→ TO DO
Report each line of the data that contains the string "length".

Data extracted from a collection

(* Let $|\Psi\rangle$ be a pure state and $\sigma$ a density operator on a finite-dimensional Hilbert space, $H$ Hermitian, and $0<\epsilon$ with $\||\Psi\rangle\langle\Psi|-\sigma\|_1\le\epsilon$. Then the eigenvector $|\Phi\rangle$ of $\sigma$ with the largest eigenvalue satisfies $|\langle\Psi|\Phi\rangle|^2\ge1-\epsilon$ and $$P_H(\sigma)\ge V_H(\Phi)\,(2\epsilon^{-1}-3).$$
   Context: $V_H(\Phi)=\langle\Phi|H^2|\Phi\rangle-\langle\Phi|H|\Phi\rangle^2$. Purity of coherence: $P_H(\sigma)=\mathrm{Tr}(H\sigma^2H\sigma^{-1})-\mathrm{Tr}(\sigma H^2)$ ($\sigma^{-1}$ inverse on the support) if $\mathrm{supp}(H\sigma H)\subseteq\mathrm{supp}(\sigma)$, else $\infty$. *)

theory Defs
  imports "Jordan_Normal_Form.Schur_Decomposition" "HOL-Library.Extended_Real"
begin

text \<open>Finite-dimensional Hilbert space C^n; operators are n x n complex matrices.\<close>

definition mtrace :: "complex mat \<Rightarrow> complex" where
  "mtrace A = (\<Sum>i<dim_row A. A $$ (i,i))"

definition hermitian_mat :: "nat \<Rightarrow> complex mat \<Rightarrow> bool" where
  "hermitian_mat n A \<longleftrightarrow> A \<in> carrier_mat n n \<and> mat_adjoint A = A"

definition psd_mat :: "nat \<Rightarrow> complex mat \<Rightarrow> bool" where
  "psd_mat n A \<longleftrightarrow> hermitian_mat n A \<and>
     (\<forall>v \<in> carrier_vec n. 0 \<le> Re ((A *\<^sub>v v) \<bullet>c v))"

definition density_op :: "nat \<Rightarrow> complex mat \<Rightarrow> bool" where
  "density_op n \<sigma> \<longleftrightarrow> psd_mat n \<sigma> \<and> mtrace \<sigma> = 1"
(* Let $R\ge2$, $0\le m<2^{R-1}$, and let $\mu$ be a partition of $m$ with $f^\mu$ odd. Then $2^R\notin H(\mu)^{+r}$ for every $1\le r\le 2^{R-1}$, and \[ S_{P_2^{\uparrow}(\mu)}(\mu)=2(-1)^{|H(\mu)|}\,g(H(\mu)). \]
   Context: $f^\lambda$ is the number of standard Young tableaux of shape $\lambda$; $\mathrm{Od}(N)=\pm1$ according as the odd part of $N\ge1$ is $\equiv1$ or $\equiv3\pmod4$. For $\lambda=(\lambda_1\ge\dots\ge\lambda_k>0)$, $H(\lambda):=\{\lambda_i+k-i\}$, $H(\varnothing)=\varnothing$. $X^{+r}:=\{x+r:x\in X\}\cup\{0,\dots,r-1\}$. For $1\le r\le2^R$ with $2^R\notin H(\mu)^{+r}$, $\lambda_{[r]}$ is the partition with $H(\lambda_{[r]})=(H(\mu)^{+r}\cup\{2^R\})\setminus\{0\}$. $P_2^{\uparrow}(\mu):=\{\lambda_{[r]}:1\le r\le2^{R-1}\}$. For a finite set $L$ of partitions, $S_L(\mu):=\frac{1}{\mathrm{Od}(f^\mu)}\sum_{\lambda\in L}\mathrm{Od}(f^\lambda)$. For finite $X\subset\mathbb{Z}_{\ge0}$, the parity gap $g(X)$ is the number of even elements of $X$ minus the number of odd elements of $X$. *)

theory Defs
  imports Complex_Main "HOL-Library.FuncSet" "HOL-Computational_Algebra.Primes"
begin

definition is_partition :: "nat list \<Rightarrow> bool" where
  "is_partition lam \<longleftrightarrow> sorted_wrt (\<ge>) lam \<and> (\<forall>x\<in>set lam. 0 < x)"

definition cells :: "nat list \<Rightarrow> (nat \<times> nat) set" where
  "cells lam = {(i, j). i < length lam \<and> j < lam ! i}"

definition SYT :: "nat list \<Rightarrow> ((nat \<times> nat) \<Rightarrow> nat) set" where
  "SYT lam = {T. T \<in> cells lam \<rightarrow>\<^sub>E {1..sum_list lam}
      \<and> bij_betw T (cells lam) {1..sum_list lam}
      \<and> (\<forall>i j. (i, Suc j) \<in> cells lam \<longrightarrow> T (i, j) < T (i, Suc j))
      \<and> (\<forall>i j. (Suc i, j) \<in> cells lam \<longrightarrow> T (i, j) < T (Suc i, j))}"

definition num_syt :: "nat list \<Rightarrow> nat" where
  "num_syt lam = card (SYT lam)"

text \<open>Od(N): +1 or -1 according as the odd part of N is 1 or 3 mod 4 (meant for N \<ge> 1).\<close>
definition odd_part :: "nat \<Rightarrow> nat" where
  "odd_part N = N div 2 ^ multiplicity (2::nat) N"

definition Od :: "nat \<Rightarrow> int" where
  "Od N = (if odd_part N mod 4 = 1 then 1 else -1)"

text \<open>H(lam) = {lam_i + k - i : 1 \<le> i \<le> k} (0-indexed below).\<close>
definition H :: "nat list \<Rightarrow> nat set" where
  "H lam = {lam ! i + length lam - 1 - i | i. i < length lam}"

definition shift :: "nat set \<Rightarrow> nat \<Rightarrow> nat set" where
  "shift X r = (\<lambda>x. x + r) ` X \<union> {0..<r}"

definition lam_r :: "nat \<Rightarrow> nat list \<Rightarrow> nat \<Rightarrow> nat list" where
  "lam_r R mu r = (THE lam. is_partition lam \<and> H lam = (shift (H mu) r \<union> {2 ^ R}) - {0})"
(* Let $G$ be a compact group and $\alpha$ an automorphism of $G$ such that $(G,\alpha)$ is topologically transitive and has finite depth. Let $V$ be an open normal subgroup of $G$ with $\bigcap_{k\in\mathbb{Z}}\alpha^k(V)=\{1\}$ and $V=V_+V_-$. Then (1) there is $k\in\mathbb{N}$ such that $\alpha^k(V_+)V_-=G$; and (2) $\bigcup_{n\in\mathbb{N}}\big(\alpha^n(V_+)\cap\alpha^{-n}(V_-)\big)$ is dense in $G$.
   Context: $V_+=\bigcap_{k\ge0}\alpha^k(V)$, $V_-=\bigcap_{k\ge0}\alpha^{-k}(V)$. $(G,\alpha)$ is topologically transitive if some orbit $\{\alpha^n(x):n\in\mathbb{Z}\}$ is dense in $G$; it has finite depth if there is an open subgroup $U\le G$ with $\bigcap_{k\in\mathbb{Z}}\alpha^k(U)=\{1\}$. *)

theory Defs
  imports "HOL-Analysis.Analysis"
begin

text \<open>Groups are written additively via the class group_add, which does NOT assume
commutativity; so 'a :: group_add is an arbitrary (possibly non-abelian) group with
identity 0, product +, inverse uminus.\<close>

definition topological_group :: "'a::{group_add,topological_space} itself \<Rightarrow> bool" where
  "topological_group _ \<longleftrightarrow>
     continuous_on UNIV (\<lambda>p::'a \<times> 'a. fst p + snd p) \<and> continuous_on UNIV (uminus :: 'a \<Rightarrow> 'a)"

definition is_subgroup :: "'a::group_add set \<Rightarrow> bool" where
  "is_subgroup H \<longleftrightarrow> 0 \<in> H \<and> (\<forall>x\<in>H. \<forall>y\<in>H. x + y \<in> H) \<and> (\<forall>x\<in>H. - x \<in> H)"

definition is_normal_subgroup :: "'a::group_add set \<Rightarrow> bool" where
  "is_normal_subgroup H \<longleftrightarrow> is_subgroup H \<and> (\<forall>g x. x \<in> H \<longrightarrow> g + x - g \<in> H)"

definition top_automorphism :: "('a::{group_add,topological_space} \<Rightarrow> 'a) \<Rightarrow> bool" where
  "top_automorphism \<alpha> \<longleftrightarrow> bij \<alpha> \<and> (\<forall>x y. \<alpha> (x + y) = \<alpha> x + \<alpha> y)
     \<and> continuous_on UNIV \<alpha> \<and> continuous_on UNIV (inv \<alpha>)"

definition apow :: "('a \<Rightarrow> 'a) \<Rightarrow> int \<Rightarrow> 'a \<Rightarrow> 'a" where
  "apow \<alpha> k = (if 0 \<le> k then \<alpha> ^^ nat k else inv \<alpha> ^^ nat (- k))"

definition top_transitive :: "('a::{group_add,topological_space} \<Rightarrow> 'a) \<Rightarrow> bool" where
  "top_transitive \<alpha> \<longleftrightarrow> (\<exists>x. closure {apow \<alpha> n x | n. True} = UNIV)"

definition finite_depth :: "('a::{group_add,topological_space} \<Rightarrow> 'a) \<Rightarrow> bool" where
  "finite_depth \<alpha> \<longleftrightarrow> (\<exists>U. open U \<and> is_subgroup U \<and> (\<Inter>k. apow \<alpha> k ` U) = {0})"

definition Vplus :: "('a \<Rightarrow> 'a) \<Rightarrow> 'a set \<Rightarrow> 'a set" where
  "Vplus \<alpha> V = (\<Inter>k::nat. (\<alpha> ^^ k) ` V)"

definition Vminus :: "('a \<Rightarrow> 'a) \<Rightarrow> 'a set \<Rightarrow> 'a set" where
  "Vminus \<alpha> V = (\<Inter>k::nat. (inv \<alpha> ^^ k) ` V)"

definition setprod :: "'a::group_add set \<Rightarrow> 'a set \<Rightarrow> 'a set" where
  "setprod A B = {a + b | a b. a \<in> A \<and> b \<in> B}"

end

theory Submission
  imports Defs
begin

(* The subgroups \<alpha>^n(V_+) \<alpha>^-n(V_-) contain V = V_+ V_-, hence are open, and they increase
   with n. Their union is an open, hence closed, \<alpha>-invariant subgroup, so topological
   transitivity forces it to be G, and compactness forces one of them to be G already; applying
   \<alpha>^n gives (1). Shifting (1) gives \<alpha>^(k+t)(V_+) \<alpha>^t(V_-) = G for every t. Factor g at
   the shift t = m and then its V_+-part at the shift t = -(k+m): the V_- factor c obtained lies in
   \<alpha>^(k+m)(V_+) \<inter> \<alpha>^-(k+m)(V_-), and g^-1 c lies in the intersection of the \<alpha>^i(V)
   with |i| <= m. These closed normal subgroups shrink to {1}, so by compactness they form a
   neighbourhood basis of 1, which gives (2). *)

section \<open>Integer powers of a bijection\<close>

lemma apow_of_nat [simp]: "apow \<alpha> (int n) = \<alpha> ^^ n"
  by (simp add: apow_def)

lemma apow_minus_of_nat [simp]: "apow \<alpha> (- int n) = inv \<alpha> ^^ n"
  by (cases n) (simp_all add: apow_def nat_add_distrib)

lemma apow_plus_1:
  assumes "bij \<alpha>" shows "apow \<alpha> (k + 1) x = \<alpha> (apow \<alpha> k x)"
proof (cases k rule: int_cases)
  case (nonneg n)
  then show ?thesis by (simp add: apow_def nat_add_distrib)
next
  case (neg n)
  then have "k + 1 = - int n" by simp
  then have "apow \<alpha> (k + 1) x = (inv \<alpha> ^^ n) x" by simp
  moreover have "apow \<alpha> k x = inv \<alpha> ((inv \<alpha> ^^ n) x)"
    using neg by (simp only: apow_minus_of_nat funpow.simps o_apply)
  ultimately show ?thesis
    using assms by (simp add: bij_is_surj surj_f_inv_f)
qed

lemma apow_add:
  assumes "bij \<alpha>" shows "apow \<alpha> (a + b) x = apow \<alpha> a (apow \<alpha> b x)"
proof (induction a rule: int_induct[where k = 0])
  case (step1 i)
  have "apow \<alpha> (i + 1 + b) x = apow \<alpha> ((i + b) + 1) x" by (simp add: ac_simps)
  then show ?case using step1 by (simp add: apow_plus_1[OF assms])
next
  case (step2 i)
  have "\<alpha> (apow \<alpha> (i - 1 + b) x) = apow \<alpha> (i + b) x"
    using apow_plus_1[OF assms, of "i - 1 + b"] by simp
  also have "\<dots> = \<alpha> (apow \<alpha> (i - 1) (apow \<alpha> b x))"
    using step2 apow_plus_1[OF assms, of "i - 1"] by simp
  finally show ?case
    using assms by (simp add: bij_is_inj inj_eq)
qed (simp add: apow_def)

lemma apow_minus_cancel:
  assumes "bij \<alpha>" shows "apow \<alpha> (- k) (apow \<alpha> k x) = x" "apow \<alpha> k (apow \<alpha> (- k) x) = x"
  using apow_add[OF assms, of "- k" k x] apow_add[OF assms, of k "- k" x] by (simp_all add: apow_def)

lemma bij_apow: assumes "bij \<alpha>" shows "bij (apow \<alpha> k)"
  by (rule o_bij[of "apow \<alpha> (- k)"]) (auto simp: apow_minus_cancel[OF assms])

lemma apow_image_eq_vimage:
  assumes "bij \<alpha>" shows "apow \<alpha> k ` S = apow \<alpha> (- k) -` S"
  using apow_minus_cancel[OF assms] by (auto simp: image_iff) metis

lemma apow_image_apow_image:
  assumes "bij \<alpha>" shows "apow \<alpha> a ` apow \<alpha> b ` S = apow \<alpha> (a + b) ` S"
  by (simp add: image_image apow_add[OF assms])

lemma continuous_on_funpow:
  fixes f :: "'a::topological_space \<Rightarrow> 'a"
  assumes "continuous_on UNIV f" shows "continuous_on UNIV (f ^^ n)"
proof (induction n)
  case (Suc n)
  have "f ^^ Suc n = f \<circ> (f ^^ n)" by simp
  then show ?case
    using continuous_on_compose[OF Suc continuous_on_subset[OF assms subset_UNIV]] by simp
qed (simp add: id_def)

→ WRITTEN SOLUTION
  "cells lam = {(i, j). i < length lam \<and> j < lam ! i}"
  "H lam = {lam ! i + length lam - 1 - i | i. i < length lam}"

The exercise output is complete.